Jedziemy z Sarą na rowerze. Albo może z Beniaminem? Chyba tak, z Beniaminem. Jadąc od rynku w stronę stacji kolejowej droga spada w dół. Jest tam skrzyżowanie, pod koniec górki. Beni jedzie przede mną, a ja patrzę, jak samochody i motocykle śmigają przed nami przez skrzyżowanie we wszystkie jego strony. Myślę, że jadą stanowczo za szybko, około 90, a przecież to miejsce niebezpieczne. Zastanawiam się, jak tamtędy przejedziemy, bo szaleńcy jadą nieprzerwanym strumieniem. I rzeczywiście, nie mogę wprost uwierzyć w to, co widzę, ale nagle wyprzedza nas niski motor z ogromną, szeroką oponą z tyłu, jadąc z szaleńczą prędkością napotyka przed sobą samochód, który zjechał na drugą połowę jezdni. Jest za późno, bo cokolwiek zrobić, motor wbija się w maskę, motocyklista jak wyrzucony sprężyną kręci w powietrzu opętańcze młynki, i leci dalej, spadając pod pawilonem handlowym. „Hamuj!” krzyczę do Beniamina (czy może Sary, już sam nie wiem), widzę, że hamuje jak może najlepiej, ale w końcu dociera do motocyklisty i przewraca się o niego.
Gdy dojeżdżam na miejsce wypadku, ludzie z auta już naciągają na niego od przodu jakąś opończę. Zastanawiam się dlaczego, przyglądam się, a auto przypomina starą drewnianą łódź, z odpadającą czerwoną farbą, i teraz – rozbitym dziobem. „To pewnie dlatego…” myślę. Podchodzę do kobiety i chłopaka z motocykla – okazuje się, że jechało nim dwoje. Ruszają się, podnoszą, mówią, że nic im nie jest. „Ale proszę państwa, warto zgłosić się do szpitala na badania, to może być tylko złudzenie” – mówię. Nie za bardzo reagują.

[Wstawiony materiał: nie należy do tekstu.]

(* Consider the linear program $\min\{c^\top x + d^\top y : Tx + Qy = h,\ x \in X,\ y \in Y\}$ and its epigraphical reformulation with feasible region $\mathcal{F} = \{(x,\theta) : x \in X,\ (h - Tx, \theta) \in \mathrm{epi}(f_Y)\}$. Let $\rho \in \mathbb{R}^n$ and $\rho_0 \ge 0$, and assume $\sigma_{\mathcal{F}}(\rho,\rho_0)$ is finite. Then the problem $$\max_{\alpha \in \mathbb{R}^p}\Big\{-\alpha^\top h + \sigma_X(\rho + T^\top \alpha) + \sigma_Y(Q^\top\alpha + \rho_0 d)\Big\}$$ has an optimal solution and its optimal value equals $\sigma_{\mathcal{F}}(\rho,\rho_0)$. Moreover, if $\hat\alpha$ is any optimal solution, then every $(x,\theta)$ with $x \in X$ that satisfies the Benders' cut $\hat\alpha^\top(h - Tx) + \rho_0 \theta \ge \sigma_{\mathrm{epi}(f_Y)}(\hat\alpha, \rho_0)$ also satisfies $\rho^\top x + \rho_0\theta \ge \sigma_{\mathcal{F}}(\rho,\rho_0)$.
   Context: $X \subseteq \mathbb{R}^n$ and $Y \subseteq \mathbb{R}^m$ are nonempty polyhedra with rational data, $Y$ pointed; $T \in \mathbb{R}^{p\times n}$, $Q \in \mathbb{R}^{p \times m}$, $h \in \mathbb{R}^p$, $c \in \mathbb{R}^n$, $d \in \mathbb{R}^m$. For $\mathcal{X} \subseteq \mathbb{R}^t$, the support is $\sigma_{\mathcal{X}}(\alpha) := \inf_{x \in \mathcal{X}} \alpha^\top x$ (so $+\infty$ if $\mathcal{X}=\emptyset$), and for sets of pairs we write $\sigma_{\mathcal{X}}(\alpha,\gamma)$ for $\inf_{(x,y)\in\mathcal{X}}\{\alpha^\top x + \gamma^\top y\}$. For $\mathcal{Y} \subseteq \mathbb{R}^m$, $f_{\mathcal{Y}}(w) := \inf_{y \in \mathcal{Y}}\{d^\top y : Qy = w\}$ and $\mathrm{epi}(f_{\mathcal{Y}}) := \{(w,\theta) \in \mathbb{R}^p\times\mathbb{R} : \theta \ge f_{\mathcal{Y}}(w)\}$. A Benders' cut is an inequality $\alpha^\top w + \alpha_0\theta \ge \beta$ valid for $\mathrm{epi}(f_Y)$, applied with $w = h - Tx$. *)

theory Defs
  imports "HOL-Analysis.Analysis" "HOL-Library.Extended_Real"
begin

Nagle jestem w centrum miasta, chyba Krakowa, przy Plantach. Jest noc, zdaje się, że wyszedłem właśnie z pracy. Ale puszczam sms do domu, że przyjdę później, bo idę z grupą do klubu.
Klub nie był w piwnicach, wprost przeciwnie – na jakimś piątym piętrze budynku. Niski strop, miękkie kanapy, układ pomieszczenia – w kształcie litery T i jedno okno wychodzące teraz w ciemność. Są tam różni ludzie, m.in. blondynka o ciepłym, wzbudzającym zaufanie głosie z miłą modulacją. Przysiaduję się to tu, to tam, w końcu patrzę na zegarek – jest dwudziesta druga. Czas iść, nawet niektórzy wychodzą, ale mnie jakoś nie do wyjścia, zastanawiam się, dlaczego. Może dlatego, ze blondynka nie zamierza wychodzić? „No bez przesady” – myślę, wychodzę w końcu, schodzę schodami w dół, ale okazuje się, że są dwie klatki schodowe – jedna dla mężczyzn, druga dla kobiet, bo to najwyraźniej jest akademik. Ja oczywiście mylę klatki, ale zaraz pokornie wracam do męskiej. Im bliżej wyjścia – jest coraz zimniej, niepokoi mnie to, bo jestem przecież jeszcze chory. Wreszcie spostrzegam powód – mam na sobie tylko w koszulkę i slipki. „O kurcze, reszta ubrania została chyba w klubie, przy wieszaku”, wracam tam, a tam ciemno, ale ktoś jest i rusza się. Wzdragam się, bo mam wrażenie, że zaraz zobaczę w ciemności nagie ciała, ale kiedy wzrok przywyka okazuje się, że nie – siedzą przy stolikach i jedzą coś jak grysik albo kleik, z czegoś jak drewniane, okrągłe deski do krojenia. I wtedy chyba się obudziłem.
Czy moje codzienne życie nie jest na tyle ciekawe, by wreszcie we śnie dało mi spokój.